Listed companies posted record earnings, with the KOSPI rising on the back of record first-quarter exports. The rosy macroeconomic data could not conceal the dark side of the economy.
Producer inflation has hit a 28-month high of 7.3 percent. For the last nine consecutive months, inflation has risen. Consumer prices shot to 4.7 percent in the first quarter, well above the government's target of 3 percent. Inflation is widespread and contagious. The soaring inflation may undo what the Lee Myung-bak administration has so far achieved, at least economically.
More dangerous than the inflation data is the inflationary psychology. Consumers expect inflation to rise further in the days to come and this way of thinking feeds itself again into hiking inflation further.
The current economic team has an image problem.
Strategy-Finance Minister Yoon Jeung-hyun seems to be sitting on the fence without sending a clear anti-inflation message to the market. Is he either a growth advocate or an inflation fighter?
Bank of Korea Governor Kim Choong-soo is called a Monday morning quarterback. He has failed to take preemptive steps to curb inflation.
Knowledge-Economic Minister Choi Joong-kyung does not seem to understand the market as his only tool is twisting the arms of producers, including oil refiners. Trade Commission head Kim Dong-soo abuses the commission for pursuing a Sisyphean task of controlling price hikes.
The government may be in a dilemma. A hike in interest rate will curb inflation, but may risk triggering a U.S.-like subprime crisis.
Any attempt to stimulate the property market may help builders, and ease the plight of lenders to the construction sector and curb home rental prices. This would further fuel inflation and increase household debt. Policymakers need the right policy mix of stabilizing inflation without reducing exports and raising the jobless rate.
The less painful policy option is a stability-first economic policy through a strong currency policy and a gradual hike in interest rates.
The governing party may find it politically difficult to scrap its current growth-first economic policy ahead of the crucial National Assembly and presidential elections next year.
In these uncertain times, the economic team needs to play an anchor role that sets the economy on a stability-oriented program.

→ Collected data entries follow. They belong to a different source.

(* Let $m$ be an integer and $i\geq 2$. (i) If $m=N_i(1+(x-1)^5h(x))$ for some $h\in\mathbb Z[x]$, then for every $2\leq j\leq i$ there is $h_j\in\mathbb Z[x]$ with $m=N_j(1+(x-1)^5h_j(x))$ and $3\mid h_j(1)$ if and only if $3\mid h(1)$; and there are integers $A,B$ with $3m=N_1(1-x+9(A+B(1-x)))$, where $3\nmid A$ if $3\nmid h(1)$ and $3\mid A$ if $3\mid h(1)$. (ii) If $m=N_i(1+(x-1)^7t(x))$ for some $t\in\mathbb Z[x]$, then for every $2\leq j\leq i$ there is $t_j\in\mathbb Z[x]$ with $m=N_j(1+(x-1)^7t_j(x))$ and $3\mid t_j(1)$ if and only if $3\mid t(1)$.
   Context: For $k\geq1$, $\omega_k=e^{2\pi i/3^k}$ and $N_k(F)=\prod_{1\leq \ell\leq 3^k,\ 3\nmid \ell}F(\omega_k^\ell)$. *)

theory Defs
  imports Complex_Main "HOL-Computational_Algebra.Polynomial"
begin

definition omega :: "nat \<Rightarrow> complex" where
  "omega k = cis (2 * pi / 3 ^ k)"

definition Nk :: "nat \<Rightarrow> int poly \<Rightarrow> complex" where
  "Nk k F = (\<Prod>l \<in> {l::nat. 1 \<le> l \<and> l \<le> 3 ^ k \<and> \<not> 3 dvd l}.
               poly (map_poly of_int F) (omega k ^ l))"

end

(*
  Split F(x) = a(x^3) + x b(x^3) + x^2 c(x^3). If w^3 = z, then w, w omega_1 and w omega_1^2
  are the three cube roots of z and F(w) F(w omega_1) F(w omega_1^2) = a^3 + z b^3 + z^2 c^3
  - 3 z a b c, so N_(k+1)(F) = N_k(F') for an explicit F' in Z[x]. For F = 1 + (x-1)^n h one
  gets F' = 1 + 3 E + (x-1)^n R at the roots of unity, with R(1) = h(1) mod 3 by Fermat's little
  theorem. For k >= 2 the number 3 is (z-1)^6 times an algebraic integer at every primitive
  3^k-th root of unity z, which absorbs 3 E into the (x-1)^n term: directly for n = 5, and for
  n = 7 because (x-1)^6 = (x^3-1)^2 mod 3 makes E divisible by (x-1)^2 modulo 3. The last step,
  from level 2 to level 1, uses (x-1)^5 = (x^3-1)(x^2+x+1) mod 3 and (1-z)^2 = -3z for a
  primitive cube root of unity z.
*)
theory Submission
  imports Defs "HOL-Number_Theory.Cong"
begin

definition ipoly :: "int poly \<Rightarrow> complex \<Rightarrow> complex" where
  "ipoly p = poly (map_poly of_int p)"

lemma map_poly_of_int_add:
  "map_poly (of_int :: int \<Rightarrow> 'a::comm_ring_1) (p + q) = map_poly of_int p + map_poly of_int q"
  by (rule poly_eqI) (simp add: coeff_map_poly)

lemma map_poly_of_int_mult:
  "map_poly (of_int :: int \<Rightarrow> 'a::comm_ring_1) (p * q) = map_poly of_int p * map_poly of_int q"
  by (induction p) (simp_all add: map_poly_pCons map_poly_of_int_add map_poly_smult)

lemma ipoly_0 [simp]: "ipoly 0 z = 0"
  and ipoly_1 [simp]: "ipoly 1 z = 1"
  and ipoly_pCons [simp]: "ipoly (pCons a p) z = of_int a + z * ipoly p z"
  and ipoly_add [simp]: "ipoly (p + q) z = ipoly p z + ipoly q z"
  and ipoly_mult [simp]: "ipoly (p * q) z = ipoly p z * ipoly q z"
  and ipoly_smult [simp]: "ipoly (smult c p) z = of_int c * ipoly p z"
  by (simp_all add: ipoly_def map_poly_pCons map_poly_of_int_add map_poly_of_int_mult
      map_poly_smult)

lemma ipoly_uminus [simp]: "ipoly (- p) z = - ipoly p z"
  using ipoly_add[of p "- p" z] by (simp add: eq_neg_iff_add_eq_0 add.commute)

lemma ipoly_diff [simp]: "ipoly (p - q) z = ipoly p z - ipoly q z"
  using ipoly_add[of p "- q" z] by simp

lemma ipoly_power [simp]: "ipoly (p ^ n) z = ipoly p z ^ n"
  by (induction n) simp_all

lemma ipoly_numeral [simp]: "ipoly (numeral n) z = numeral n"
  by (subst numeral_poly) simp

section \<open>Roots of unity of order a power of 3\<close>

definition prim_exps :: "nat \<Rightarrow> nat set" where
  "prim_exps k = {l. 1 \<le> l \<and> l \<le> 3 ^ k \<and> \<not> 3 dvd l}"

lemma prim_exps_1: "prim_exps 1 = {1, 2}"
  unfolding prim_exps_def by (auto; presburger)

lemma mem_prim_exps:
  assumes "1 \<le> k"
  shows "l \<in> prim_exps k \<longleftrightarrow> 0 < l \<and> l < 3 ^ k \<and> \<not> 3 dvd l"
proof -
  have "3 dvd (3::nat) ^ k"
    using assms by (simp add: dvd_power)
  then show ?thesis
    unfolding prim_exps_def by (auto simp: order.order_iff_strict)
qed

lemma Nk_eq_prod: "Nk k F = (\<Prod>l\<in>prim_exps k. ipoly F (omega k ^ l))"
  unfolding Nk_def prim_exps_def ipoly_def ..

lemma Nk_cong:
  assumes "\<And>l. l \<in> prim_exps k \<Longrightarrow> ipoly F (omega k ^ l) = ipoly G (omega k ^ l)"
  shows "Nk k F = Nk k G"
  unfolding Nk_eq_prod using assms by (rule prod.cong[OF refl])

lemma omega_Suc_cube: "omega (Suc k) ^ 3 = omega k"
  unfolding omega_def by (simp add: DeMoivre field_simps)

lemma omega_Suc_pow: "omega (Suc k) ^ 3 ^ k = omega 1"
  unfolding omega_def by (simp add: DeMoivre field_simps)

lemma omega_1_cube: "omega 1 ^ 3 = 1"
  using omega_Suc_cube[of 0] by (simp add: omega_def)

They need proactive communication with the people. Policymakers should resist any attempts to politicize economic policies.
President Lee must be unequivocal to the nation that he prioritizes stability over growth.
The current economic team commands little trust from the people as they tinker with 20th-century policy tools in the 21st century.
Korea needs a market-oriented inflation fighter as the top economic policymaker. The current rudder-less economic team is unable to send a clear anti-inflation message to the market. New wine should be put into new bottles.